(* Consider the interconnected system described in the context, with a partition $\{1,\dots,n\}=I_\Sigma\cup I_{\max}$, and assume each subsystem is globally stable (GS) in the mixed sense with gains $\hat\gamma_{ij}$, i.e. there are $\sigma_i,\hat\gamma_{ij},\hat\gamma_i\in\mathcal{K}\cup\{0\}$ such that for every initial value and all inputs the solution $x_i$ of the $i$-th subsystem exists, is unique, and for all $t\ge0$ $|x_i(t)|\le\sigma_i(|x_i(0)|)+\sum_{j=1}^n\hat\gamma_{ij}(\|x_{j[0,t]}\|_\infty)+\hat\gamma_i(\|u\|_\infty)$ if $i\in I_\Sigma$, and $|x_i(t)|\le\max\{\sigma_i(|x_i(0)|),\max_j\hat\gamma_{ij}(\|x_{j[0,t]}\|_\infty),\hat\gamma_i(\|u\|_\infty)\}$ if $i\in I_{\max}$. Let $\Gamma$ be the gain operator built from $(\hat\gamma_{ij})$ (with $\hat\gamma_{ii}\equiv0$). If there exists $\alpha\in\mathcal{K}_\infty$ such that $\Gamma\circ D_\alpha(s)\not\ge s$ for all $s\in\mathbb{R}^n_+\setminus\{0\}$, then the whole system $\dot x=f(x,u)$ is GS, i.e. there exist $\sigma,\hat\gamma\in\mathcal{K}$ with $|x(t)|\le\sigma(|x(0)|)+\hat\gamma(\|u\|_\infty)$ for all $x(0)$, all $u\in L_\infty$, all $t\ge0$.
   Context: The interconnection is $\dot x_i=f_i(x_1,\dots,x_n,u_i)$, $i=1,\dots,n$, with $x_i\in\mathbb{R}^{N_i}$, $u_i\in\mathbb{R}^{m_i}$, where each $f_i$ is continuous and, for every $r$, locally Lipschitz in $x=(x_1^T,\dots,x_n^T)^T$ uniformly in $u_i$ with $|u_i|\le r$; it is written as $\dot x=f(x,u)$ with $u=(u_1^T,\dots,u_n^T)^T$. For the $i$-th subsystem the states $x_j$, $j\neq i$, are treated as independent inputs. For a function $v$ on $\mathbb{R}_+$, $v_{[s_1,s_2]}$ equals $v$ on $[s_1,s_2]$ and $0$ elsewhere; $\|\cdot\|_\infty$ is the essential supremum norm; $|\cdot|$ a norm. $\mathcal{K}$: continuous strictly increasing functions $\mathbb{R}_+\to\mathbb{R}_+$ vanishing at $0$; $\mathcal{K}_\infty$: unbounded ones. For $x,y\in\mathbb{R}^n$, $x\not\ge y$ means $x_i<y_i$ for some $i$. The gain operator is $\Gamma(s)=(\Gamma_1(s),\dots,\Gamma_n(s))^T$ with $\Gamma_i(s)=\sum_j\hat\gamma_{ij}(s_j)$ for $i\in I_\Sigma$ and $\Gamma_i(s)=\max_j\hat\gamma_{ij}(s_j)$ for $i\in I_{\max}$; $D_\alpha(s)=(D_1(s_1),\dots,D_n(s_n))^T$ with $D_i=\mathrm{id}+\alpha$ for $i\in I_\Sigma$ and $D_i=\mathrm{id}$ for $i\in I_{\max}$. *)

theory Defs
  imports "HOL-Analysis.Analysis"
begin

definition class_K :: "(real \<Rightarrow> real) \<Rightarrow> bool" where
  "class_K g \<longleftrightarrow> continuous_on {0..} g \<and> strict_mono_on {0..} g \<and> g 0 = 0"

definition class_Kinf :: "(real \<Rightarrow> real) \<Rightarrow> bool" where
  "class_Kinf g \<longleftrightarrow> class_K g \<and> filterlim g at_top at_top"

definition class_K0 :: "(real \<Rightarrow> real) \<Rightarrow> bool" where
  "class_K0 g \<longleftrightarrow> class_K g \<or> (\<forall>s\<ge>0. g s = 0)"

definition blk :: "('k \<Rightarrow> 'i) \<Rightarrow> 'i \<Rightarrow> real^'k \<Rightarrow> real^'k" where
  "blk b i v = (\<chi> k. if b k = i then v $ k else 0)"

definition Linf :: "(real \<Rightarrow> 'a::euclidean_space) \<Rightarrow> bool" where
  "Linf u \<longleftrightarrow> (\<lambda>t. indicator {0..} t *\<^sub>R u t) \<in> borel_measurable lborel
      \<and> (\<exists>B. AE t in lborel. 0 \<le> t \<longrightarrow> norm (u t) \<le> B)"

definition linf_norm :: "(real \<Rightarrow> 'a::real_normed_vector) \<Rightarrow> real" where
  "linf_norm u = Inf {B. 0 \<le> B \<and> (AE t in lborel. 0 \<le> t \<longrightarrow> norm (u t) \<le> B)}"

definition trunc :: "real \<Rightarrow> real \<Rightarrow> (real \<Rightarrow> 'a::zero) \<Rightarrow> real \<Rightarrow> 'a" where
  "trunc a b v = (\<lambda>s. if a \<le> s \<and> s \<le> b then v s else 0)"

text \<open>(Caratheodory) solution on [0,\<infinity>) of x' = F t x, x(0) = xi, in integral form.\<close>
definition is_solution :: "(real \<Rightarrow> 'a::euclidean_space \<Rightarrow> 'a) \<Rightarrow> 'a \<Rightarrow> (real \<Rightarrow> 'a) \<Rightarrow> bool" where
  "is_solution F xi x \<longleftrightarrow> x 0 = xi \<and> continuous_on {0..} x
     \<and> (\<forall>t\<ge>0. ((\<lambda>s. F s (x s)) has_integral (x t - xi)) {0..t})"

text \<open>Right-hand side of the i-th subsystem: state y (block i), the other blocks x_j
  taken from the independent input w, input u.\<close>
definition sub_rhs :: "('d \<Rightarrow> 'i) \<Rightarrow> (real^'d \<Rightarrow> real^'m \<Rightarrow> real^'d) \<Rightarrow> 'i
     \<Rightarrow> (real \<Rightarrow> real^'d) \<Rightarrow> (real \<Rightarrow> real^'m) \<Rightarrow> real \<Rightarrow> real^'d \<Rightarrow> real^'d" where
  "sub_rhs b f i w u = (\<lambda>s y. blk b i (f (y + (w s - blk b i (w s))) (u s)))"

definition gain_op :: "'i set \<Rightarrow> ('i \<Rightarrow> 'i \<Rightarrow> real \<Rightarrow> real) \<Rightarrow> real^'i \<Rightarrow> real^'i" where
  "gain_op IS g s = (\<chi> i. if i \<in> IS then (\<Sum>j\<in>UNIV. g i j (s $ j))
                                      else Max (range (\<lambda>j. g i j (s $ j))))"

definition D_op :: "'i set \<Rightarrow> (real \<Rightarrow> real) \<Rightarrow> real^'i \<Rightarrow> real^'i" where
  "D_op IS \<alpha> s = (\<chi> i. if i \<in> IS then s $ i + \<alpha> (s $ i) else s $ i)"

end

theory Submission
  imports Defs
begin

text \<open>
  Along a solution on \<open>[0,T]\<close> let \<open>s\<^sub>j\<close> be the maximum of \<open>|x\<^sub>j|\<close> over \<open>[0,t]\<close>. The GS
  estimates of the subsystems, applied with the other blocks as inputs, give the mixed inequality
  \<open>s \<le> w \<oplus> \<Gamma>(s)\<close>, where \<open>w\<close> collects the contributions of the initial value and of the input.
  The small-gain condition, applied to \<open>D\<^sub>\<alpha>\<^sup>-\<^sup>1(s)\<close>, yields a nonzero coordinate with
  \<open>s\<^sub>i \<le> w\<^sub>i + \<alpha>\<^sup>-\<^sup>1(w\<^sub>i)\<close>; freezing the coordinates bounded so far and repeating \<open>n\<close> times
  bounds all of \<open>s\<close> by a gain of the data, uniformly in \<open>T\<close>. This a priori bound rules out
  blow-up, so the local (Carath\'eodory--Picard) solutions continue to a unique global solution,
  which obeys the bound.
\<close>

section \<open>Comparison functions\<close>

text \<open>Class \<open>\<K> \<union> {0}\<close> relaxed to nondecreasing functions; unlike \<open>\<K>\<close> it is closed under the
  sums, scalings and compositions that build the gain of the interconnection.\<close>
definition mono_gain :: "(real \<Rightarrow> real) \<Rightarrow> bool" where
  "mono_gain \<phi> \<longleftrightarrow> continuous_on {0..} \<phi> \<and> mono_on {0..} \<phi> \<and> \<phi> 0 = 0"

lemma mono_gainD:
  assumes "mono_gain \<phi>"
  shows mono_gain_continuous: "continuous_on {0..} \<phi>"
    and mono_gain_zero: "\<phi> 0 = 0"
    and mono_gain_mono: "\<And>a b. 0 \<le> a \<Longrightarrow> a \<le> b \<Longrightarrow> \<phi> a \<le> \<phi> b"
    and mono_gain_nonneg: "\<And>a. 0 \<le> a \<Longrightarrow> 0 \<le> \<phi> a"
proof -
  show c: "continuous_on {0..} \<phi>" and z: "\<phi> 0 = 0" using assms by (auto simp: mono_gain_def)
  show m: "\<phi> a \<le> \<phi> b" if "0 \<le> a" "a \<le> b" for a b
    using assms that unfolding mono_gain_def by (auto intro: mono_onD)
  show "0 \<le> \<phi> a" if "0 \<le> a" for a using m[OF order_refl that] z by simp
qed

lemma mono_gainI:
  assumes "continuous_on {0..} \<phi>" "\<And>a b. 0 \<le> a \<Longrightarrow> a \<le> b \<Longrightarrow> \<phi> a \<le> \<phi> b" "\<phi> 0 = 0"
  shows "mono_gain \<phi>"
  using assms unfolding mono_gain_def by (auto intro: mono_onI)

lemma mono_gain_add:
  "mono_gain \<phi> \<Longrightarrow> mono_gain \<psi> \<Longrightarrow> mono_gain (\<lambda>s. \<phi> s + \<psi> s)"
  by (rule mono_gainI) (auto intro: continuous_intros add_mono
      simp: mono_gain_continuous mono_gain_mono mono_gain_zero)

▶ [Task details] Return only the number of lines in the data that hold the string "auto".

▶ [Solution to this task] 4